[Saved entries]
====================
(* Let $\beta\ge\bar\beta$ and let $X^*\in\Omega$ satisfy $\nabla h(X^* )=0$. Then either $(X^* )^\top X^*=I_p$ and $X^*$ is a first-order stationary point of (OCP), or $\sigma_{\min}(X^* )\le\sqrt{2M_1/\beta}$.
   Context: $f:\mathbb{R}^{n\times p}\to\mathbb{R}$ ($n\ge p$) is differentiable with $f$ and $\nabla f$ locally Lipschitz. (OCP) is the problem $\min f(X)$ s.t. $X^\top X=I_p$; the feasible set is the Stiefel manifold $\mathcal{S}_{n,p}=\{X:X^\top X=I_p\}$. $\Phi(M):=\frac12(M+M^\top)$. A point $X\in\mathcal{S}_{n,p}$ is a first-order stationary point of (OCP) if $\mathrm{grad} f(X):=\nabla f(X)-X\Phi(X^\top\nabla f(X))=0$. $\mathcal{A}(X):=\frac32I_p-\frac12X^\top X$, $g(X):=f(X\mathcal{A}(X))$, $h(X):=g(X)+\frac\beta4\|X^\top X-I_p\|_F^2$ with $\beta>0$, $G(X):=\nabla f(Y)|_{Y=X\mathcal{A}(X)}$. $\sigma_{\min}$ denotes the smallest singular value. $\Omega:=\{X:\|X\|_2\le 1+\frac1{12}\}$ ($\|\cdot\|_2$ spectral norm). $M_1:=\sup_{X\in\Omega}\|G(X)\|_F$, $M_2:=\sup_{X\ne Y\in\Omega}\frac{\|\nabla g(X)-\nabla g(Y)\|_F}{\|X-Y\|_F}$, $\bar\beta:=\max\{12M_1,6M_2\}$. *)

theory Defs
  imports "HOL-Analysis.Analysis"
begin

text \<open>Real n x p matrices are rendered as real^'p^'n (rows indexed by 'n, columns by 'p).
  The inner product on this type is the Frobenius inner product and norm is the Frobenius norm.\<close>

definition mgrad :: "(real^'p^'n \<Rightarrow> real) \<Rightarrow> real^'p^'n \<Rightarrow> real^'p^'n" where
  "mgrad F X = (THE G. (F has_derivative (\<lambda>H. G \<bullet> H)) (at X))"

definition loc_lipschitz :: "('a::metric_space \<Rightarrow> 'b::metric_space) \<Rightarrow> bool" where
  "loc_lipschitz F \<longleftrightarrow> (\<forall>x. \<exists>e>0. \<exists>L. \<forall>y\<in>ball x e. \<forall>z\<in>ball x e. dist (F y) (F z) \<le> L * dist y z)"

definition Phi :: "real^'p^'p \<Rightarrow> real^'p^'p" where
  "Phi M = (1/2) *\<^sub>R (M + transpose M)"

definition Amap :: "real^'p^'n \<Rightarrow> real^'p^'p" where
  "Amap X = (3/2) *\<^sub>R mat 1 - (1/2) *\<^sub>R (transpose X ** X)"

definition gfun :: "(real^'p^'n \<Rightarrow> real) \<Rightarrow> real^'p^'n \<Rightarrow> real" where
  "gfun f X = f (X ** Amap X)"

definition hfun :: "(real^'p^'n \<Rightarrow> real) \<Rightarrow> real \<Rightarrow> real^'p^'n \<Rightarrow> real" where
  "hfun f \<beta> X = gfun f X + \<beta> / 4 * (norm (transpose X ** X - mat 1))\<^sup>2"

definition Gfun :: "(real^'p^'n \<Rightarrow> real) \<Rightarrow> real^'p^'n \<Rightarrow> real^'p^'n" where
  "Gfun f X = mgrad f (X ** Amap X)"
lemma congruence_bilinear_bound:
  fixes a b :: "nat \<Rightarrow> complex" and S :: "nat set"
  assumes S: "finite S" and r: "r \<ge> 1" and q: "q \<ge> 1" and rq: "r dvd q"
    and twisted: "\<And>\<psi>. dirichlet_char q \<psi> \<Longrightarrow>
        norm (\<Sum>m\<in>S. a m * \<psi> m) \<le> R \<and> norm (\<Sum>n\<in>S. b n * \<psi> n) \<le> R"
  shows "norm (\<Sum>(m, n)\<in>S \<times> S. a m * b n *
           (if coprime q (m * n) \<and> int r dvd (int m - int n) then 1 else 0)) \<le> R\<^sup>2"
proof -
  define X where "X = characters (units_mod r)"
  define lift where "lift = dirichlet_lift q r"
  have X: "finite X" "card X > 0"
    unfolding X_def using comm_group_units_mod[OF r] finite_units_mod
    by (auto intro: comm_group.finite_characters comm_group.card_characters_pos)
  have indicator: "(if coprime q (m * n) \<and> int r dvd (int m - int n) then 1 else 0)
      = (\<Sum>f\<in>X. lift f m * cnj (lift f n)) / of_nat (card X)" for m n
    using dirichlet_lift_orthogonality[OF r rq, of m n] X(2)
    unfolding X_def lift_def by (simp add: coprime_commute)
  have "(\<Sum>(m, n)\<in>S \<times> S. a m * b n * (if coprime q (m * n) \<and> int r dvd (int m - int n) then 1 else 0))
      = (\<Sum>(m, n)\<in>S \<times> S. \<Sum>f\<in>X. (a m * lift f m) * (b n * cnj (lift f n))) / of_nat (card X)"
    unfolding indicator by (simp add: sum_divide_distrib sum_distrib_left mult_ac case_prod_beta)
  also have "\<dots> = (\<Sum>f\<in>X. \<Sum>(m, n)\<in>S \<times> S. (a m * lift f m) * (b n * cnj (lift f n))) / of_nat (card X)"
    by (subst sum.swap) (simp add: case_prod_beta)
  also have "\<dots> = (\<Sum>f\<in>X. (\<Sum>m\<in>S. a m * lift f m) * (\<Sum>n\<in>S. b n * cnj (lift f n))) / of_nat (card X)"
    by (simp add: sum_product sum.cartesian_product)
  also have "norm \<dots> \<le> (\<Sum>f\<in>X. R * R) / of_nat (card X)"
    unfolding norm_divide norm_of_nat
  proof (intro divide_right_mono order_trans[OF norm_sum sum_mono])
    fix f assume "f \<in> X"
    then have "dirichlet_char q (lift f)" unfolding X_def lift_def by (rule dirichlet_char_lift[OF r q rq])
    then have A: "norm (\<Sum>m\<in>S. a m * lift f m) \<le> R" and B: "norm (\<Sum>n\<in>S. b n * cnj (lift f n)) \<le> R"
      using twisted dirichlet_char_cnj by blast+
    show "norm ((\<Sum>m\<in>S. a m * lift f m) * (\<Sum>n\<in>S. b n * cnj (lift f n))) \<le> R * R"
      unfolding norm_mult using A B by (intro mult_mono) (auto intro: order_trans[OF norm_ge_zero])
  qed simp
  also have "\<dots> = R\<^sup>2" using X(2) by (simp add: power2_eq_square)
  finally show ?thesis .
qed

section \<open>Elementary estimates\<close>

lemma harmonic_sum_le:
  assumes "N \<ge> 1" shows "(\<Sum>m\<in>{1..N}. 1 / real m) \<le> 1 + ln (real N)"
  using euler_mascheroni_sequence_decreasing[of 1 N] assms by (simp add: harm_def divide_inverse)

lemma sum_inverse_square_le:
  fixes S :: "nat set"
  assumes S: "finite S" and x: "x > 0" and ge: "\<And>c. c \<in> S \<Longrightarrow> real c \<ge> x"
  shows "(\<Sum>c\<in>S. 1 / (real c)\<^sup>2) \<le> 2 / x"
proof -
  define c0 where "c0 = nat \<lceil>x\<rceil>"
  define k where "k = Suc (Max (insert 0 S))"
  have c0: "real c0 \<ge> x" "c0 \<ge> 1" unfolding c0_def using x by linarith+
  have step: "1 / (real c)\<^sup>2 \<le> 2 / real c - 2 / real (Suc c)" if "c \<ge> 1" for c :: nat
  proof -
    have "1 / (real c)\<^sup>2 = 2 / (2 * real c * real c)" by (simp add: power2_eq_square)
    also have "\<dots> \<le> 2 / (real c * (real c + 1))"
      using that by (intro frac_le) (auto simp: algebra_simps add_pos_nonneg)
    also have "\<dots> = 2 / real c - 2 / real (Suc c)" using that by (simp add: field_simps)
    finally show ?thesis .
  qed
  have "S \<subseteq> {c0..<k}"
  proof
    fix c assume c: "c \<in> S"
    then have "c \<le> Max (insert 0 S)" using S by simp
    then show "c \<in> {c0..<k}" using ge[OF c] unfolding k_def c0_def by (simp add: nat_le_iff ceiling_le_iff)
  qed
  then have "(\<Sum>c\<in>S. 1 / (real c)\<^sup>2) \<le> (\<Sum>c\<in>{c0..<k}. 1 / (real c)\<^sup>2)"
    by (intro sum_mono2) auto
  also have "\<dots> \<le> (\<Sum>c\<in>{c0..<k}. 2 / real c - 2 / real (Suc c))"
    using c0 by (intro sum_mono step) auto
  also have "\<dots> \<le> 2 / real c0"
    by (cases "c0 \<le> k") (simp_all add: sum_Suc_diff'[where f = "\<lambda>c. - 2 / real c", simplified])
  also have "\<dots> \<le> 2 / x" using c0 x by (simp add: frac_le)
  finally show ?thesis .
qed

lemma prod_prime_factors_le:
  fixes n :: nat assumes "n \<noteq> 0" shows "(\<Prod>p\<in>prime_factors n. p) \<le> n"
proof (rule dvd_imp_le)
  have "(\<Prod>p\<in>prime_factors n. p) dvd (\<Prod>p\<in>prime_factors n. p ^ multiplicity p n)"
    by (intro prod_dvd_prod dvd_power) (auto simp: prime_factors_multiplicity)
  then show "(\<Prod>p\<in>prime_factors n. p) dvd n" using prod_prime_factors[OF assms] by simp
qed (use assms in simp)

lemma one_minus_inverse_prime_ge:
  assumes p: "prime p" and \<eta>: "\<eta> > 0"
  shows "1 / ((if real p < 2 powr (1 / \<eta>) then 2 else 1) * real p powr \<eta>) \<le> 1 - 1 / real p"
proof -
  have p2: "real p \<ge> 2" using prime_ge_2_nat[OF p] by simp
  \<comment> \<open>large primes have p powr \<eta> \<ge> 2, small ones get the factor 2 instead\<close>
  have "(if real p < 2 powr (1 / \<eta>) then 2 else 1) * real p powr \<eta> \<ge> 2"
  proof (cases "real p < 2 powr (1 / \<eta>)")
    case True then show ?thesis using p2 \<eta> ge_one_powr_ge_zero[of "real p" \<eta>] by simp
  next
    case False
    then have "real p powr \<eta> \<ge> (2 powr (1 / \<eta>)) powr \<eta>" using \<eta> by (intro powr_mono2) auto
    then show ?thesis using False \<eta> by (simp add: powr_powr)
  qed
  then have "1 / ((if real p < 2 powr (1 / \<eta>) then 2 else 1) * real p powr \<eta>) \<le> 1 / 2"
    by (intro frac_le) auto
  also have "\<dots> \<le> 1 - 1 / real p" using p2 by (simp add: field_simps)
  finally show ?thesis .
qed

lemma totient_lower_bound:
  assumes \<eta>: "\<eta> > 0"
  obtains K where "K > 0" "\<And>n. n \<ge> 1 \<Longrightarrow> real n \<le> K * real (totient n) * real n powr \<eta>"
proof
  define T where "T = (2::real) powr (1 / \<eta>)"
  define K where "K = (2::real) ^ nat \<lceil>T\<rceil>"
  show "K > 0" unfolding K_def by simp
  fix n :: nat assume n: "n \<ge> 1"
  define P where "P = prime_factors n"
  define c where "c p = (if real p < T then (2::real) else 1)" for p :: nat
  have P: "finite P" "\<And>p. p \<in> P \<Longrightarrow> prime p" unfolding P_def by auto
  have "(\<Prod>p\<in>P. c p) = 2 ^ card {p\<in>P. real p < T}"
    unfolding c_def using P(1) by (simp add: prod.If_cases Int_def)
  also have "\<dots> \<le> K"
  proof -
    have "{p\<in>P. real p < T} \<subseteq> {..<nat \<lceil>T\<rceil>}" by (auto simp: zless_nat_eq_int_zless less_ceiling_iff)
    then show ?thesis unfolding K_def by (intro power_increasing) (auto dest: card_mono[rotated])
  qed
  finally have cK: "(\<Prod>p\<in>P. c p) \<le> K" .
  have Pn: "(\<Prod>p\<in>P. real p) powr \<eta> \<le> real n powr \<eta>"
    using prod_prime_factors_le[of n] n \<eta> unfolding P_def
    by (intro powr_mono2) (auto simp flip: of_nat_prod)
  have "(\<Prod>p\<in>P. real p) > 0" using P(2) prime_gt_0_nat by (intro prod_pos) auto
  then have "1 / (K * real n powr \<eta>) \<le> 1 / ((\<Prod>p\<in>P. c p) * (\<Prod>p\<in>P. real p) powr \<eta>)"
    using cK Pn \<open>K > 0\<close> by (intro frac_le mult_mono mult_pos_pos prod_pos) (auto simp: c_def)
  also have "\<dots> = (\<Prod>p\<in>P. 1 / (c p * real p powr \<eta>))"
    using P(2) prime_gt_0_nat by (simp add: prod_dividef prod.distrib prod_powr_distrib)
  also have "\<dots> \<le> (\<Prod>p\<in>P. 1 - 1 / real p)"
    using one_minus_inverse_prime_ge[OF P(2) \<eta>] unfolding c_def T_def
    by (intro prod_mono) (auto simp: c_def)
  also have "\<dots> = real (totient n) / real n" using n unfolding P_def by (simp add: totient_formula2)
  finally show "real n \<le> K * real (totient n) * real n powr \<eta>"
    using n \<open>K > 0\<close> by (simp add: field_simps)
qed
====================
#### What the task asks:
For the records above, state how many lines include "definition", giving no more than the number.

#### Output:
7